Tippeligaen
- Season: 1992
- Dates: 25 April – 18 October
- Champions: Rosenborg 7th title
- Relegated: Sogndal Mjøndalen
- Champions League: Rosenborg
- Cup Winners' Cup: Lillestrøm
- UEFA Cup: Kongsvinger
- Matches played: 132
- Goals scored: 403 (3.05 per match)
- Top goalscorer: Kjell Roar Kaasa (17 goals)
- Biggest home win: Lillestrøm 6–0 Tromsø (24 May 1992) Rosenborg 6–0 Start (8 July 1992) Rosenborg 6–0 Kongsvinger (18 October 1992) Tromsø 6–0 Sogndal (18 October 1992)
- Biggest away win: Molde 0–4 Lillestrøm (31 May 1992) Mjøndalen 0–4 Lillestrøm (14 June 1992) Mjøndalen 0–4 Molde (16 August 1992) Start 0–4 Rosenborg (19 September 1992)
- Highest scoring: Lyn 7–3 Sogndal (27 September 1992)
- Highest attendance: 24,023 Rosenborg 5–1 Sogndal (16 May 1992)
- Lowest attendance: 917 Mjøndalen 3–2 HamKam (12 September 1992)
- Average attendance: 5,416 ▼4.2%

= 1992 Tippeligaen =

48th season of top-tier football league in Norway

The 1992 Tippeligaen was the 48th completed season of top division football in Norway.
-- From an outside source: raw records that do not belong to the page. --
lemma const_atoms_tame_in_Mpq:
  "tame_in_Mpq p q (const_atom (Atom p))" "tame_in_Mpq p q (const_atom (Atom q))"
  unfolding tame_in_Mpq_def transitive_at_def
  by (simp_all add: unsat_or_pointwise_true_Dep Vpq_def)

lemma not_transitive_at_IDisj_const_atoms_Mpq:
  assumes "p \<noteq> q"
  shows "\<not> transitive_at (Vpq p q) 1 2 3 (IDisj (const_atom (Atom p)) (const_atom (Atom q)))"
proof -
  let ?disj = "IDisj (const_atom (Atom p)) (const_atom (Atom q))"
  have "supp (Vpq p q) {1, 2} ?disj" "supp (Vpq p q) {2, 3} ?disj"
    by (simp_all add: Vpq_def)
  moreover have "\<not> supp (Vpq p q) {1, 3} ?disj"
    using assms by (auto simp: Vpq_def)
  ultimately show ?thesis
    unfolding transitive_at_def by blast
qed

lemma subst_const_atoms_tame_in_Mpq:
  assumes "dplus phi" and "p \<notin> letters phi" and "q \<notin> letters phi"
  shows "tame_in_Mpq p q (subst2 phi a b (const_atom (Atom p)) (const_atom (Atom q)))"
  using assms
proof (induction phi)
  case (Atom r)
  then show ?case
    using letter_free_tame_in_Mpq[of p "Atom r" q] const_atoms_tame_in_Mpq[of p q] by simp
next
  case (NegAtom r)
  then show ?case
    using letter_free_tame_in_Mpq[of p "NegAtom r" q] by simp
next
  case Bot
  then show ?case
    using letter_free_tame_in_Mpq[of p Bot q] by simp
next
  case (Dep as c)
  then show ?case
    using letter_free_tame_in_Mpq[of p "Dep as c" q] by simp
next
  case (Conj f g)
  then show ?case
    unfolding tame_in_Mpq_def by (simp add: unsat_or_pointwise_true_Conj transitive_at_Conj)
next
  case (Tens f g)
  let ?f_pq = "subst2 f a b (const_atom (Atom p)) (const_atom (Atom q))"
  let ?g_pq = "subst2 g a b (const_atom (Atom p)) (const_atom (Atom q))"
  have f: "unsat_or_pointwise_true Wpq (Vpq p q) ?f_pq" "transitive_at (Vpq p q) 1 2 3 ?f_pq"
    and g: "unsat_or_pointwise_true Wpq (Vpq p q) ?g_pq" "transitive_at (Vpq p q) 1 2 3 ?g_pq"
    using Tens unfolding tame_in_Mpq_def by simp_all
  have W: "1 \<in> Wpq" "2 \<in> Wpq" "3 \<in> Wpq"
    by (simp_all add: Wpq_def)
  show ?case
    unfolding subst2.simps tame_in_Mpq_def
    using unsat_or_pointwise_true_Tens[OF f(1) g(1)] transitive_at_Tens[OF f(1) g(1) W f(2) g(2)] ..
qed simp

theorem theorem7:
  fixes phi :: form and a b p q :: nat
  assumes "is_context phi a b"
    and "p \<noteq> q"
    and "p \<notin> letters phi" and "q \<notin> letters phi"
  shows "\<not> equiv_in Wpq (Vpq p q) (subst2 phi a b (const_atom (Atom p)) (const_atom (Atom q)))
                (IDisj (const_atom (Atom p)) (const_atom (Atom q)))
       \<and> \<not> equiv_all (subst2 phi a b (const_atom (Atom p)) (const_atom (Atom q)))
                (IDisj (const_atom (Atom p)) (const_atom (Atom q)))"
proof -
  let ?phi_pq = "subst2 phi a b (const_atom (Atom p)) (const_atom (Atom q))"
  let ?disj = "IDisj (const_atom (Atom p)) (const_atom (Atom q))"
  have "dplus phi"
    using assms(1) unfolding is_context_def by simp
  with assms(3,4) have phi_pq: "transitive_at (Vpq p q) 1 2 3 ?phi_pq"
    using subst_const_atoms_tame_in_Mpq unfolding tame_in_Mpq_def by blast
  have W: "1 \<in> Wpq" "2 \<in> Wpq" "3 \<in> Wpq"
    by (simp_all add: Wpq_def)
  have not_equiv_in: "\<not> equiv_in Wpq (Vpq p q) ?phi_pq ?disj"
  proof
    assume "equiv_in Wpq (Vpq p q) ?phi_pq ?disj"
    with phi_pq not_transitive_at_IDisj_const_atoms_Mpq[OF assms(2)] show False
      using transitive_at_equiv_in[OF _ W] by blast
  qed
  moreover have "\<not> equiv_all ?phi_pq ?disj"
  proof
    assume "equiv_all ?phi_pq ?disj"
    then have "equiv_in Wpq (Vpq p q) ?phi_pq ?disj"
      unfolding equiv_all_def by simp
    with not_equiv_in show False ..
  qed
  ultimately show ?thesis ..
qed

end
Each team played 22 games with 3 points given for wins and 1 for draws. Number eleven and twelve are relegated. The winners of the two groups of the 1. divisjon are promoted, as well as the winner of a series of play-off matches between the two second placed teams in the two groups of the 1. divisjon and number ten in the Tippeligaen.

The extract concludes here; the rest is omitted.